On 18 June 2026 the Ministry of Road Transport and Highways (MoRTH) and Tata Motors signed a memorandum of understanding under the Government of India scheme for replacement of old trucks and buses in the Delhi–NCR region. The agreement formalises Tata Motors' participation in the central programme that seeks to accelerate fleet renewal and improve air quality in the national capital region. The signing was recorded in a press release from the ministry.

Under the terms the original equipment manufacturer (OEM) will provide an eight per cent discount on the ex-showroom price of eligible trucks and buses purchased under the scheme. For electric vehicles the discount will be capped at the discount applicable to an internal combustion engine (ICE) vehicle of the equivalent Gross Vehicle Weight (GVW) category. Eligible purchasers will therefore benefit from manufacturer discounts that align with prevailing vehicle class categories.

In addition to manufacturer discounts the Central Government will provide a five per cent interest subvention and fixed monthly fuel vouchers for a period of five years. Participating State Governments will grant up to 100 per cent concession on motor vehicle tax for a period of 10 years and will waive registration fees for eligible beneficiaries under the scheme. Together these provisions are designed to reduce total cost of ownership and to incentivise replacement of older vehicles.

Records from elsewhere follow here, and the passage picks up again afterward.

lemma exists_kth_power_decomposition:
  "\<exists>k::int. 2 \<le> k \<and> (\<forall>a\<in>N. \<exists>b\<in>N. \<exists>t::int. a = b [^] k \<otimes> z [^] t)"
proof -
  obtain k c where k: "2 \<le> k" and c: "c \<in> kth_powers k" "x \<otimes> c \<noteq> c \<otimes> x"
    and reach: "\<And>a. a \<in> N \<Longrightarrow> \<exists>n. (delta ^^ n) a \<in> kth_powers k"
  proof (cases "\<exists>b\<in>N. delta b [^] int p \<noteq> \<one>")
    case True
    then obtain b where b: "b \<in> N" "delta b [^] int p \<noteq> \<one>" by blast
    have "x \<otimes> b [^] int p \<noteq> b [^] int p \<otimes> x"
      using delta_eq_one_iff[OF N_int_pow[OF b(1)]] delta_int_pow[OF b(1)] b(2) by simp
    then show thesis
      using that[of "int p" "b [^] int p"] p_gt_1 kth_powers_mem[OF b(1)] delta_funpow_p_mem by force
  next
    case False
    have delta_eq: "delta b [^] (int p + 1) = delta b" if "b \<in> N" for b
      using False that N_carrier[OF delta_mem[OF that]] by (simp add: int_pow_mult)
    have "delta (a0 [^] (int p + 1)) = delta a0"
      using delta_int_pow[OF a0_mem] delta_eq[OF a0_mem] by simp
    then have "x \<otimes> a0 [^] (int p + 1) \<noteq> a0 [^] (int p + 1) \<otimes> x"
      using delta_eq_one_iff[OF N_int_pow[OF a0_mem]] delta_eq_one_iff[OF a0_mem] x_a0_noncomm by metis
    moreover have "(delta ^^ 1) a \<in> kth_powers (int p + 1)" if "a \<in> N" for a
      using kth_powers_mem[OF delta_mem[OF that], of "int p + 1"] delta_eq[OF that] by simp
    moreover have "2 \<le> int p + 1" using p_gt_1 by simp
    ultimately show thesis
      using that[OF _ kth_powers_mem[OF a0_mem]] by blast
  qed
  have x: "x \<in> normalizer G (kth_powers k)"
    using normal_mem_normalizer[OF kth_powers_normal x_carrier] .
  have "\<exists>b\<in>N. \<exists>t::int. a = b [^] k \<otimes> z [^] t" if a: "a \<in> N" for a
  proof -
    obtain n where "(delta ^^ n) a \<in> kth_powers k" using reach[OF a] by blast
    then have "a \<in> join_powers (kth_powers k) x"
      using mem_join_powers_if_delta_funpow_mem[OF kth_powers_subgroup kth_powers_subset x c a]
        mem_join_powers[OF kth_powers_subgroup] by blast
    then obtain m t where "m \<in> kth_powers k" "a = m \<otimes> z [^] (t::int)"
      using mem_join_powers_x_decomp[OF kth_powers_subset a] by blast
    then show ?thesis unfolding kth_powers_def by blast
  qed
  then show ?thesis using k by blast
qed

lemma z_powers_subgroup: "subgroup (generate G {z}) G"
  using generate_is_subgroup z_carrier by simp

lemma z_powers_subset: "generate G {z} \<subseteq> N"
  using generate_subgroup_incl[OF _ N_subgroup] z_mem by simp

lemma mem_z_powers_iff: "w \<in> generate G {z} \<longleftrightarrow> (\<exists>i::int. w = z [^] i)"
  using generate_pow[OF z_carrier] by blast

lemma conj_inv_x_eq_phi_funpow:
  assumes a: "a \<in> carrier G"
  shows "inv x \<otimes> a \<otimes> x = (phi ^^ (p - 1)) a"
proof -
  define b where "b = (phi ^^ (p - 1)) a"
  have b: "b \<in> carrier G" unfolding b_def using phi_funpow_carrier[OF a] .
  have "Suc (p - 1) = p" using p_gt_1 by simp
  then have "phi b = a"
    unfolding b_def using phi_funpow_p[OF a] by (metis funpow.simps(2) o_apply)
  then have "a = x \<otimes> b \<otimes> inv x" unfolding phi_def ..
  then have "inv x \<otimes> a \<otimes> x = b" using x_carrier b by (simp add: m_assoc)
  then show ?thesis unfolding b_def .
qed

lemma phi_mem_orbits:
  assumes B: "B \<subseteq> carrier G" and a: "a \<in> (\<lambda>(b, i). (phi ^^ i) b) ` (B \<times> {..<p})"
  shows "phi a \<in> (\<lambda>(b, i). (phi ^^ i) b) ` (B \<times> {..<p})"
proof -
  obtain b i where bi: "b \<in> B" "i < p" "a = (phi ^^ i) b" using a by auto
  have phi_a: "phi a = (phi ^^ Suc i) b" using bi(3) by simp
  show ?thesis
  proof (cases "Suc i = p")
    case True
    then have "phi a = (phi ^^ 0) b" using phi_a phi_funpow_p B bi(1) by auto
    then show ?thesis using bi(1) p_gt_1 by (intro image_eqI[of _ _ "(b, 0)"]) auto
  next
    case False
    then show ?thesis using bi phi_a by (intro image_eqI[of _ _ "(b, Suc i)"]) auto
  qed
qed

lemma x_mem_normalizer_if_phi_closed:
  assumes L: "subgroup L G" and phi_L: "\<And>l. l \<in> L \<Longrightarrow> phi l \<in> L"
  shows "x \<in> normalizer G L"
proof (rule mem_normalizerI[OF subgroup.subset[OF L] x_carrier])
  fix l assume l: "l \<in> L"
  show "x \<otimes> l \<otimes> inv x \<in> L" using phi_L[OF l] unfolding phi_def .
  have "(phi ^^ k) l \<in> L" for k by (induction k) (auto simp: phi_L l)
  then show "inv x \<otimes> l \<otimes> x \<in> L"
    using conj_inv_x_eq_phi_funpow[OF subgroup.mem_carrier[OF L l]] by simp
qed

lemma N_subset_if_carrier_subset_join_powers:
  assumes L: "subgroup L G" "L \<subseteq> N" "generate G {z} \<subseteq> L" and G_L: "carrier G \<subseteq> join_powers L x"
  shows "N \<subseteq> L"
proof
  fix a assume a: "a \<in> N"
  obtain l t where l: "l \<in> L" and at: "a = l \<otimes> z [^] (t::int)"
    using mem_join_powers_x_decomp[OF L(2) a] G_L N_carrier[OF a] by blast
  have "z [^] t \<in> L" using L(3) mem_z_powers_iff by blast
  then show "a \<in> L" unfolding at using subgroup.m_closed[OF L(1) l] by simp
qed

Earlier in the week Ashok Leyland and Switch Mobility signed memoranda of understanding with the Government to participate in scheme implementation. Together these companies account for around 50 per cent of the market share in trucks and buses and will therefore play a major role in rollout across the region. The ministry statement indicated that coordinated action by manufacturers and governments is intended to support cleaner urban mobility in Delhi–NCR.